::: Record excerpts

(* Consider an execution of the MBBA protocol (described in the context) in which fewer than $n/3$ of the $n$ players are malicious. For each component $c\in\{1,\dots,m\}$: if $c$-agreement holds at (the end of) some step, then it continues to hold in all subsequent steps.
   Context: Network model: $n$ players; every pair is joined by a direct private channel; synchronous steps, instantaneous delivery. Fewer than $n/3$ players are malicious (arbitrary behaviour); honest players follow the protocol and send the same message to every player. For player $i$, step $s$, component $c$ and value $v$, $\#_i^s(v,c)$ is the number of distinct players from which $i$ received in step $s$ a valid vector message whose $c$-th component is $v$ (counting $i$'s own); conflicting messages from one sender in one step are both discarded, duplicates count once. $c$-agreement holds (at a given moment) if there is a value $v$ such that the $c$-th component $b_{j,c}$ of every honest player $j$'s current vector equals $v$. Protocol MBBA: $H$ is a hash function modeled as a random oracle (outputs ordered lexicographically); $\mathrm{SIG}_i$ is a unique-signature scheme with publicly known keys; $r$ a common random string; counter $\gamma$ starts at 0. Player $i$ holds $\mathbf{b}_i\in\{0,1\}^m$ and $\mathbf{f}_i$, initially all zeros. EXIT CHECK: if $\mathbf{f}_i$ is all ones, $i$ sends $\mathbf{b}_i$ marked final (treated by receivers as $i$'s message in all later steps), outputs $\mathbf{b}_i$ and halts. STEP 1: $i$ sends $\mathbf{b}_i$; for each $c$ with $f_{i,c}=0$: if $\#_i^1(0,c)>\frac23 n$, set $b_{i,c}=0$, $f_{i,c}=1$, perform EXIT CHECK; else if $\#_i^1(1,c)>\frac23n$, set $b_{i,c}=1$; else $b_{i,c}=0$. STEP 2: $i$ sends $\mathbf{b}_i$; for each $c$ with $f_{i,c}=0$: if $\#_i^2(1,c)>\frac23 n$, set $b_{i,c}=1$, $f_{i,c}=1$, perform EXIT CHECK; else if $\#_i^2(0,c)>\frac23n$, set $b_{i,c}=0$; else $b_{i,c}=1$. STEP 3: $i$ sends $s_i=\mathrm{SIG}_i(r\|\gamma)$ and $\mathbf{b}_i$; for each $c$ with $f_{i,c}=0$: if $\#_i^3(0,c)>\frac23n$, $b_{i,c}=0$; else if $\#_i^3(1,c)>\frac23n$, $b_{i,c}=1$; else $b_{i,c}=k_c$, the $c$-th bit of $k=H(\min_{j\in P_i}H(s_j))$ where $P_i$ is the set of players who sent $i$ a valid STEP 3 message. Then $\gamma\leftarrow\gamma+1$ and return to STEP 1. *)

theory Defs
  imports Main
begin

text \<open>Local state of a player: current vector b (bit 1 = True), flag vector f,
  and whether the player has halted (performed a successful EXIT CHECK).
  Components are indexed 1..m.\<close>
record pstate =
  bv :: "nat \<Rightarrow> bool"
  fv :: "nat \<Rightarrow> bool"
  halted :: bool

text \<open>Received messages of one player in one step: rcv j is the (unique) valid vector
  message received from player j (None if nothing valid, e.g. conflicting messages).
  cnt n rcv c v is the number of distinct players j < n whose valid message has
  c-th component v.\<close>
definition cnt :: "nat \<Rightarrow> (nat \<Rightarrow> (nat \<Rightarrow> bool) option) \<Rightarrow> nat \<Rightarrow> bool \<Rightarrow> nat" where
  "cnt n rcv c v = card {j. j < n \<and> (\<exists>w. rcv j = Some w \<and> w c = v)}"

definition mbba_step ::
  "nat \<Rightarrow> nat \<Rightarrow> nat \<Rightarrow> (nat \<Rightarrow> (nat \<Rightarrow> bool) option) \<Rightarrow> (nat \<Rightarrow> bool) \<Rightarrow> pstate \<Rightarrow> pstate" where
  "mbba_step n m k rcv coin st =
    (if halted st then st else
     (let Zc = (\<lambda>c. 2 * n < 3 * cnt n rcv c False);
          Oc = (\<lambda>c. 2 * n < 3 * cnt n rcv c True);
          nb = (\<lambda>c. if c \<in> {1..m} \<and> \<not> fv st c then
                     (if k = 1 then (if Zc c then False else if Oc c then True else False)
                      else if k = 2 then (if Oc c then True else if Zc c then False else True)
                      else (if Zc c then False else if Oc c then True else coin c))
                   else bv st c);
          nf = (\<lambda>c. if c \<in> {1..m} \<and> \<not> fv st c then
                     (if k = 1 then Zc c else if k = 2 then Oc c else False)
                   else fv st c)
      in \<lparr>bv = nb, fv = nf,
          halted = ((\<exists>c\<in>{1..m}. \<not> fv st c \<and> nf c) \<and> (\<forall>c\<in>{1..m}. nf c))\<rparr>))"

text \<open>An execution: st s i is the state of player i at the end of global step s
  (st 0 = initial state); global step s+1 is STEP (s mod 3 + 1).
  recv s i j is the valid message i received from j in global step s;
  coin s i is the bit-vector k computed by i in step s (arbitrary: abstracts the
  hash/signature common coin).\<close>
definition mbba_exec ::
  "nat \<Rightarrow> nat \<Rightarrow> nat set \<Rightarrow> (nat \<Rightarrow> nat \<Rightarrow> nat \<Rightarrow> (nat \<Rightarrow> bool) option)
    \<Rightarrow> (nat \<Rightarrow> nat \<Rightarrow> nat \<Rightarrow> bool) \<Rightarrow> (nat \<Rightarrow> nat \<Rightarrow> pstate) \<Rightarrow> bool" where
  "mbba_exec n m Bad recv coin st \<longleftrightarrow>
     Bad \<subseteq> {..<n} \<and> 3 * card Bad < n \<and>
     (\<forall>i<n. i \<notin> Bad \<longrightarrow> fv (st 0 i) = (\<lambda>_. False) \<and> \<not> halted (st 0 i)) \<and>
     (\<forall>s i j. i < n \<and> j < n \<and> j \<notin> Bad \<longrightarrow> recv (Suc s) i j = Some (bv (st s j))) \<and>
     (\<forall>s i. i < n \<and> i \<notin> Bad \<longrightarrow>
        st (Suc s) i = mbba_step n m (s mod 3 + 1) (recv (Suc s) i) (coin (Suc s) i) (st s i))"

definition c_agreement :: "nat \<Rightarrow> nat set \<Rightarrow> (nat \<Rightarrow> nat \<Rightarrow> pstate) \<Rightarrow> nat \<Rightarrow> nat \<Rightarrow> bool" where
  "c_agreement n Bad st s c \<longleftrightarrow> (\<exists>v. \<forall>j<n. j \<notin> Bad \<longrightarrow> bv (st s j) c = v)"

end

theory Submission
  imports Defs
begin

text \<open>Once all honest players hold the same bit v in component c, every honest player
  receives v from more than 2n/3 senders, so the opposite bit cannot also reach a
  supermajority. Each of the three step rules adopts a value that has a supermajority,
  so v is kept; components that are not updated keep v anyway.\<close>

lemma cnt_add_cnt_not_le: "cnt n rcv c v + cnt n rcv c (\<not> v) \<le> n"
proof -
  let ?S = "\<lambda>v. {j. j < n \<and> (\<exists>w. rcv j = Some w \<and> w c = v)}"
  have "card (?S v) + card (?S (\<not> v)) = card (?S v \<union> ?S (\<not> v))"
    by (rule card_Un_disjoint[symmetric]) auto
  also have "\<dots> \<le> card {..<n}"
    by (rule card_mono) auto
  finally show ?thesis
    unfolding cnt_def by simp
qed

lemma cnt_ge_honest:
  assumes "Bad \<subseteq> {..<n}"
    and "\<forall>j<n. j \<notin> Bad \<longrightarrow> (\<exists>w. rcv j = Some w \<and> w c = v)"
  shows "n - card Bad \<le> cnt n rcv c v"
proof -
  have "card ({..<n} - Bad) \<le> cnt n rcv c v"
    unfolding cnt_def using assms(2) by (intro card_mono) auto
  moreover have "card ({..<n} - Bad) = n - card Bad"
    using assms(1) by (simp add: card_Diff_subset finite_subset)
  ultimately show ?thesis by simp
qed

lemma bv_mbba_step_supermajority:
  assumes "2 * n < 3 * cnt n rcv c v"
    and "bv st c = v"
  shows "bv (mbba_step n m k rcv coin st) c = v"
proof -
  have "\<not> 2 * n < 3 * cnt n rcv c (\<not> v)"
    using assms(1) cnt_add_cnt_not_le[of n rcv c v] by linarith
  then show ?thesis
    using assms by (cases v) (auto simp: mbba_step_def Let_def)
qed

lemma honest_supermajority:
  assumes ex: "mbba_exec n m Bad recv coin st"
    and agree: "\<forall>j<n. j \<notin> Bad \<longrightarrow> bv (st s j) c = v"
    and "i < n"
  shows "2 * n < 3 * cnt n (recv (Suc s) i) c v"
proof -
  have Bad: "Bad \<subseteq> {..<n}" "3 * card Bad < n"
    using ex unfolding mbba_exec_def by auto
  have "\<forall>j<n. j \<notin> Bad \<longrightarrow> (\<exists>w. recv (Suc s) i j = Some w \<and> w c = v)"
    using ex agree \<open>i < n\<close> unfolding mbba_exec_def by auto
  then have "n - card Bad \<le> cnt n (recv (Suc s) i) c v"
    by (rule cnt_ge_honest[OF Bad(1)])
  with Bad(2) show ?thesis by linarith
qed

lemma honest_agreement_Suc:
  assumes ex: "mbba_exec n m Bad recv coin st"
    and agree: "\<forall>j<n. j \<notin> Bad \<longrightarrow> bv (st s j) c = v"
  shows "\<forall>j<n. j \<notin> Bad \<longrightarrow> bv (st (Suc s) j) c = v"
proof (intro allI impI)
  fix i assume i: "i < n" "i \<notin> Bad"
  have "st (Suc s) i = mbba_step n m (s mod 3 + 1) (recv (Suc s) i) (coin (Suc s) i) (st s i)"
    using ex i unfolding mbba_exec_def by auto
  then show "bv (st (Suc s) i) c = v"
    using bv_mbba_step_supermajority[OF honest_supermajority[OF ex agree i(1)]] agree i
    by simp
qed

theorem lemma2:
  assumes "mbba_exec n m Bad recv coin st"
      and "c \<in> {1..m}"
      and "c_agreement n Bad st s c"
      and "s \<le> s'"
  shows "c_agreement n Bad st s' c"
proof -
  obtain v where agree: "\<forall>j<n. j \<notin> Bad \<longrightarrow> bv (st s j) c = v"
    using assms(3) unfolding c_agreement_def by auto
  from \<open>s \<le> s'\<close> have "\<forall>j<n. j \<notin> Bad \<longrightarrow> bv (st s' j) c = v"
  proof (induction s' rule: dec_induct)
    case base
    show ?case by (rule agree)
  next
    case (step k)
    show ?case by (rule honest_agreement_Suc[OF assms(1) step.IH])
  qed
  then show ?thesis
    unfolding c_agreement_def by auto
qed

end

::::::

● **Instructions for the task**
Once you find the line with "imports Main" above, print it and every line after it up to and including the line with "c-th component v.\<close>", exactly as written and nothing else.

● **Written solution**
  imports Main
begin

text \<open>Local state of a player: current vector b (bit 1 = True), flag vector f,
  and whether the player has halted (performed a successful EXIT CHECK).
  Components are indexed 1..m.\<close>
record pstate =
  bv :: "nat \<Rightarrow> bool"
  fv :: "nat \<Rightarrow> bool"
  halted :: bool

text \<open>Received messages of one player in one step: rcv j is the (unique) valid vector
  message received from player j (None if nothing valid, e.g. conflicting messages).
  cnt n rcv c v is the number of distinct players j < n whose valid message has
  c-th component v.\<close>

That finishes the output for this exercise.